**Saved entries**
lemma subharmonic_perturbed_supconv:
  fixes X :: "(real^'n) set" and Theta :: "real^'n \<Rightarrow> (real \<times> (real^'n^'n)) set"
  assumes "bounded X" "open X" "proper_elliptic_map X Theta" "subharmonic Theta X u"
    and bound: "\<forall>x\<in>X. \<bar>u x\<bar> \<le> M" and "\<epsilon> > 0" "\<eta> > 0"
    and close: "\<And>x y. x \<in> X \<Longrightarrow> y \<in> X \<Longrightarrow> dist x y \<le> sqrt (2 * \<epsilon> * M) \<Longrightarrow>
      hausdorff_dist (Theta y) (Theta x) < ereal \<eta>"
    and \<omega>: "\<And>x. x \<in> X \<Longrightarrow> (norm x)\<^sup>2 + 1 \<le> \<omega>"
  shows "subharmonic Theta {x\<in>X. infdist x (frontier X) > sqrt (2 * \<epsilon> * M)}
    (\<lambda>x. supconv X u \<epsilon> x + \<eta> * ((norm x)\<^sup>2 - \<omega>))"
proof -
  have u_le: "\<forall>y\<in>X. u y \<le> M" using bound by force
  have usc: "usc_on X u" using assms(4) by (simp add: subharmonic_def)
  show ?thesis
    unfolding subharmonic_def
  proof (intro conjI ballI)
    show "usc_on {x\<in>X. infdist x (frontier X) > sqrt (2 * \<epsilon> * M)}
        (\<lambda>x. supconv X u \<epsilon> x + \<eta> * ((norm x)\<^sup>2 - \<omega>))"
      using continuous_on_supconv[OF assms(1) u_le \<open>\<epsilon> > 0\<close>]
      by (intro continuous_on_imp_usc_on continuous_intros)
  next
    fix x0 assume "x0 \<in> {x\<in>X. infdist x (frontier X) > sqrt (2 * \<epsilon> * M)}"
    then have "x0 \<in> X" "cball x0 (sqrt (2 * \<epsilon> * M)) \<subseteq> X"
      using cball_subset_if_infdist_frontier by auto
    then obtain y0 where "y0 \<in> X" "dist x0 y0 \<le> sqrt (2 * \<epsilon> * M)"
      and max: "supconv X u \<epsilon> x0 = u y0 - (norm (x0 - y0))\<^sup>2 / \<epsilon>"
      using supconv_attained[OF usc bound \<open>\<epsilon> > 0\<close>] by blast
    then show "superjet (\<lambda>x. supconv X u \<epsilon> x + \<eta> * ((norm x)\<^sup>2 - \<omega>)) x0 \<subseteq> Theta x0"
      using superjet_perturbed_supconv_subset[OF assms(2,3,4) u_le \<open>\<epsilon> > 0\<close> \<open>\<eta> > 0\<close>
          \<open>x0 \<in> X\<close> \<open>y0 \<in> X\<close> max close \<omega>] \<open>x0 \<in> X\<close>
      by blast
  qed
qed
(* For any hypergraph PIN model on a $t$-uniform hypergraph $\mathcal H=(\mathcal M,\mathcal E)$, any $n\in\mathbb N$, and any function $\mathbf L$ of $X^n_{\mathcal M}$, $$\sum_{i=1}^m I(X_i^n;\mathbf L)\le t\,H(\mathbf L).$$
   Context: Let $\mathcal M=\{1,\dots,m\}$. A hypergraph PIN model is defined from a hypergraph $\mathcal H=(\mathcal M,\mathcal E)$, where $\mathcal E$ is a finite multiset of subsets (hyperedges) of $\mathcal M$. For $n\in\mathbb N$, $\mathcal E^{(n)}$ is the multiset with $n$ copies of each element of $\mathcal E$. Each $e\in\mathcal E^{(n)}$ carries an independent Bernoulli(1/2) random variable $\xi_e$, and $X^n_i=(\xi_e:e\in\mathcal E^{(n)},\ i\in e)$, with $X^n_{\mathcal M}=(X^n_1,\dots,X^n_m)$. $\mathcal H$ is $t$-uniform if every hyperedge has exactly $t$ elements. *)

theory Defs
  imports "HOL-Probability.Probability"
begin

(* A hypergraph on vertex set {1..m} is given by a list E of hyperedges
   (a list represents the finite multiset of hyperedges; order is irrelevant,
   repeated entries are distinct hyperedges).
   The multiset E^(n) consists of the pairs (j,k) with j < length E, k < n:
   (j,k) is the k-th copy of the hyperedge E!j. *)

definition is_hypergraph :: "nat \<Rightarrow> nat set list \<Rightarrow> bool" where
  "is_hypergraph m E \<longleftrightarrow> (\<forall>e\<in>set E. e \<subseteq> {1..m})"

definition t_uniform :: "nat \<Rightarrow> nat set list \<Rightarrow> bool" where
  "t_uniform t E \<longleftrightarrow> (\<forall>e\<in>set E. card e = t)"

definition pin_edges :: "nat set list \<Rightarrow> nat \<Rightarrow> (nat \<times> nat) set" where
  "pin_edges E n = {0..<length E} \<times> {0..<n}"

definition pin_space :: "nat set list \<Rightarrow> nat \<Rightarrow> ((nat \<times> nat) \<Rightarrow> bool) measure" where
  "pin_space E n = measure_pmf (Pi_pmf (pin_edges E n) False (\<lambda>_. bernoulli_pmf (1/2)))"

**What needs to be done**
Could you return all of the entries exactly as they stand?

**Response box**
lemma subharmonic_perturbed_supconv:
  fixes X :: "(real^'n) set" and Theta :: "real^'n \<Rightarrow> (real \<times> (real^'n^'n)) set"
  assumes "bounded X" "open X" "proper_elliptic_map X Theta" "subharmonic Theta X u"
    and bound: "\<forall>x\<in>X. \<bar>u x\<bar> \<le> M" and "\<epsilon> > 0" "\<eta> > 0"
    and close: "\<And>x y. x \<in> X \<Longrightarrow> y \<in> X \<Longrightarrow> dist x y \<le> sqrt (2 * \<epsilon> * M) \<Longrightarrow>
      hausdorff_dist (Theta y) (Theta x) < ereal \<eta>"
    and \<omega>: "\<And>x. x \<in> X \<Longrightarrow> (norm x)\<^sup>2 + 1 \<le> \<omega>"
  shows "subharmonic Theta {x\<in>X. infdist x (frontier X) > sqrt (2 * \<epsilon> * M)}
    (\<lambda>x. supconv X u \<epsilon> x + \<eta> * ((norm x)\<^sup>2 - \<omega>))"
proof -
  have u_le: "\<forall>y\<in>X. u y \<le> M" using bound by force
  have usc: "usc_on X u" using assms(4) by (simp add: subharmonic_def)
  show ?thesis
    unfolding subharmonic_def
  proof (intro conjI ballI)
    show "usc_on {x\<in>X. infdist x (frontier X) > sqrt (2 * \<epsilon> * M)}
        (\<lambda>x. supconv X u \<epsilon> x + \<eta> * ((norm x)\<^sup>2 - \<omega>))"
      using continuous_on_supconv[OF assms(1) u_le \<open>\<epsilon> > 0\<close>]
      by (intro continuous_on_imp_usc_on continuous_intros)
  next
    fix x0 assume "x0 \<in> {x\<in>X. infdist x (frontier X) > sqrt (2 * \<epsilon> * M)}"
    then have "x0 \<in> X" "cball x0 (sqrt (2 * \<epsilon> * M)) \<subseteq> X"
      using cball_subset_if_infdist_frontier by auto
    then obtain y0 where "y0 \<in> X" "dist x0 y0 \<le> sqrt (2 * \<epsilon> * M)"
      and max: "supconv X u \<epsilon> x0 = u y0 - (norm (x0 - y0))\<^sup>2 / \<epsilon>"
      using supconv_attained[OF usc bound \<open>\<epsilon> > 0\<close>] by blast
    then show "superjet (\<lambda>x. supconv X u \<epsilon> x + \<eta> * ((norm x)\<^sup>2 - \<omega>)) x0 \<subseteq> Theta x0"
      using superjet_perturbed_supconv_subset[OF assms(2,3,4) u_le \<open>\<epsilon> > 0\<close> \<open>\<eta> > 0\<close>
          \<open>x0 \<in> X\<close> \<open>y0 \<in> X\<close> max close \<omega>] \<open>x0 \<in> X\<close>
      by blast
  qed
qed
(* For any hypergraph PIN model on a $t$-uniform hypergraph $\mathcal H=(\mathcal M,\mathcal E)$, any $n\in\mathbb N$, and any function $\mathbf L$ of $X^n_{\mathcal M}$, $$\sum_{i=1}^m I(X_i^n;\mathbf L)\le t\,H(\mathbf L).$$
   Context: Let $\mathcal M=\{1,\dots,m\}$. A hypergraph PIN model is defined from a hypergraph $\mathcal H=(\mathcal M,\mathcal E)$, where $\mathcal E$ is a finite multiset of subsets (hyperedges) of $\mathcal M$. For $n\in\mathbb N$, $\mathcal E^{(n)}$ is the multiset with $n$ copies of each element of $\mathcal E$. Each $e\in\mathcal E^{(n)}$ carries an independent Bernoulli(1/2) random variable $\xi_e$, and $X^n_i=(\xi_e:e\in\mathcal E^{(n)},\ i\in e)$, with $X^n_{\mathcal M}=(X^n_1,\dots,X^n_m)$. $\mathcal H$ is $t$-uniform if every hyperedge has exactly $t$ elements. *)

theory Defs
  imports "HOL-Probability.Probability"
begin

(* A hypergraph on vertex set {1..m} is given by a list E of hyperedges
   (a list represents the finite multiset of hyperedges; order is irrelevant,
   repeated entries are distinct hyperedges).
   The multiset E^(n) consists of the pairs (j,k) with j < length E, k < n:
   (j,k) is the k-th copy of the hyperedge E!j. *)

definition is_hypergraph :: "nat \<Rightarrow> nat set list \<Rightarrow> bool" where
  "is_hypergraph m E \<longleftrightarrow> (\<forall>e\<in>set E. e \<subseteq> {1..m})"

definition t_uniform :: "nat \<Rightarrow> nat set list \<Rightarrow> bool" where
  "t_uniform t E \<longleftrightarrow> (\<forall>e\<in>set E. card e = t)"

definition pin_edges :: "nat set list \<Rightarrow> nat \<Rightarrow> (nat \<times> nat) set" where
  "pin_edges E n = {0..<length E} \<times> {0..<n}"

definition pin_space :: "nat set list \<Rightarrow> nat \<Rightarrow> ((nat \<times> nat) \<Rightarrow> bool) measure" where
  "pin_space E n = measure_pmf (Pi_pmf (pin_edges E n) False (\<lambda>_. bernoulli_pmf (1/2)))"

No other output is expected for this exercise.